Nous cherchons ici à connoître l’homme, mais non pas comme la Physique, l’Anatomie, la Metaphysique, la Logique, la Medecine, qui le considerent comme un estre corporel, ou simplement comme une substance spirituelle, comme un animal, ou comme un animal raisonnable. Nous le considererons seulement comme une creature capable de vertu & de bonheur ; & qui se trouve dans un estat de corruption & de misere.

Ce n’est pas que cet égard sous lequel la Morale nous oblige à nous considerer nous mêmes, ne nous engage à emprunter de quelques unes de ces autres Sciences, certains principes que l’on prendra de ce qu’elles ont de plus évident. Car pour bien connoître la corruption & le misere de l’homme, il faut necessairement un peu comprendre, quelle est sa nature, sa fin et son excellence. Que si ce qu’on a à dire sur ce sujet paroit en quelques endroits un peu abstrait, éloigné de la portée ordinaire du peuple, on doit se souvenir que nous traitons des sources de la Morale, & si l’on s’apercoit que nous ne nous accommodons point toujours aux opinions du vulgaire, on doit considerer que ce n’est pas ici le lieu de respecter les préjugés, puisqu’on n’ecrit que pour deméler la confusion de nos idées, & pour justifier par raison ce que nous apercevons par sentiment.

Il faut donc partager cet ouvrage en deux parties. Dans la première nous montrerons ce que l’homme est, ce qu’il doit & ce qu’il peut, c’est à dire que nous traiterons de sa nature, de ses perfections, de sa fin, de ses devoirs, & de ses obligations naturelles, de ses forces, des motifs & des objectifs qui peuvent principalement le determiner dans ses actions.

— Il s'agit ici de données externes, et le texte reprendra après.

lemma P_DP_cover_le_card_H_compatible:
  "P_DP_cover V LH VH EH \<le> card H_compatible_colorings"
proof -
  have fin: "finite H_compatible_colorings"
    unfolding H_compatible_colorings_eq using finite_proper by blast
  have "DP_colorings V LH VH EH
      \<subseteq> (\<lambda>f. (\<lambda>w. (w, enc (f w))) ` V) ` H_compatible_colorings"
    using DP_coloring_is_graph by blast
  then have "card (DP_colorings V LH VH EH)
      \<le> card ((\<lambda>f. (\<lambda>w. (w, enc (f w))) ` V) ` H_compatible_colorings)"
    using card_mono finite_imageI[OF fin] by blast
  also have "\<dots> \<le> card H_compatible_colorings"
    using fin by (rule card_image_le)
  finally show ?thesis
    unfolding P_DP_cover_def .
qed

end

theorem lemma22:
  fixes V :: "'v set" and E :: "'v set set" and L :: "'v \<Rightarrow> 'c set"
    and m d C :: nat and u v :: 'v
  assumes "graph V E"
    and "m_assignment V L m"
    and "{u, v} \<in> E"
    and "card (L u - L v) = d" and "d \<ge> 1"
    and "\<forall>x\<in>L u. \<forall>y\<in>L v. x \<noteq> y \<longrightarrow>
           C \<le> card {f \<in> proper_L_colorings V E L. f u = x \<and> f v = y}"
  shows "P_list V E L \<ge> P_DP V E m + C * d"
proof -
  have finV: "finite V" and L: "\<And>w. w \<in> V \<Longrightarrow> finite (L w) \<and> card (L w) = m"
    using assms(1,2) unfolding graph_def m_assignment_def by auto
  have uv: "u \<in> V" "v \<in> V"
    using graph_edgeD[OF assms(1,3)] by auto
  obtain enc :: "'c \<Rightarrow> nat" where enc: "inj_on enc (\<Union>(L ` V))"
    using finite_imp_inj_to_nat_seg finV L by (metis finite_UN_I)
  obtain \<sigma> where \<sigma>: "bij_betw \<sigma> (L u - L v) (L v - L u)"
    using ex_bij_betw_Diff_swap L[OF uv(1)] L[OF uv(2)] by metis
  interpret twisted_cover V E L m enc u v \<sigma>
    using assms(1-3) enc \<sigma> by unfold_locales (auto simp: bij_betw_def)
  have "P_DP V E m \<le> card H_compatible_colorings"
    using P_DP_le_P_DP_cover[OF m_fold_DP_cover] P_DP_cover_le_card_H_compatible by simp
  moreover have "C * d \<le> card twisted_colorings"
    using card_twisted_colorings_ge[OF assms(6)] assms(4) by simp
  ultimately show ?thesis
    unfolding P_list_def card_proper_L_colorings_split by linarith
qed

end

Dans sa seconde nous traiterons de ses déreglemens en general & en particulier ; nous chercherons la source de sa corruption, nous en considererons les ruisseaux, nous verrons la force de ses attachemens, l’étendue de ses passions, le principe de ses vices, & par tout nous montrerons la regle pour faire connoître le deregelement, & nous justifierons la grandeur de nôtre cheute en montrant le degré de nôtre élevation. Dieu qui est le Maître des esprits, veuille purifier le nôtre par sa grace, afin que nous ne disions rien qui ne se rapporte a sa gloire, & qui ne soit conforme aux saintes & éternelles verites de son Évangile ! Amen.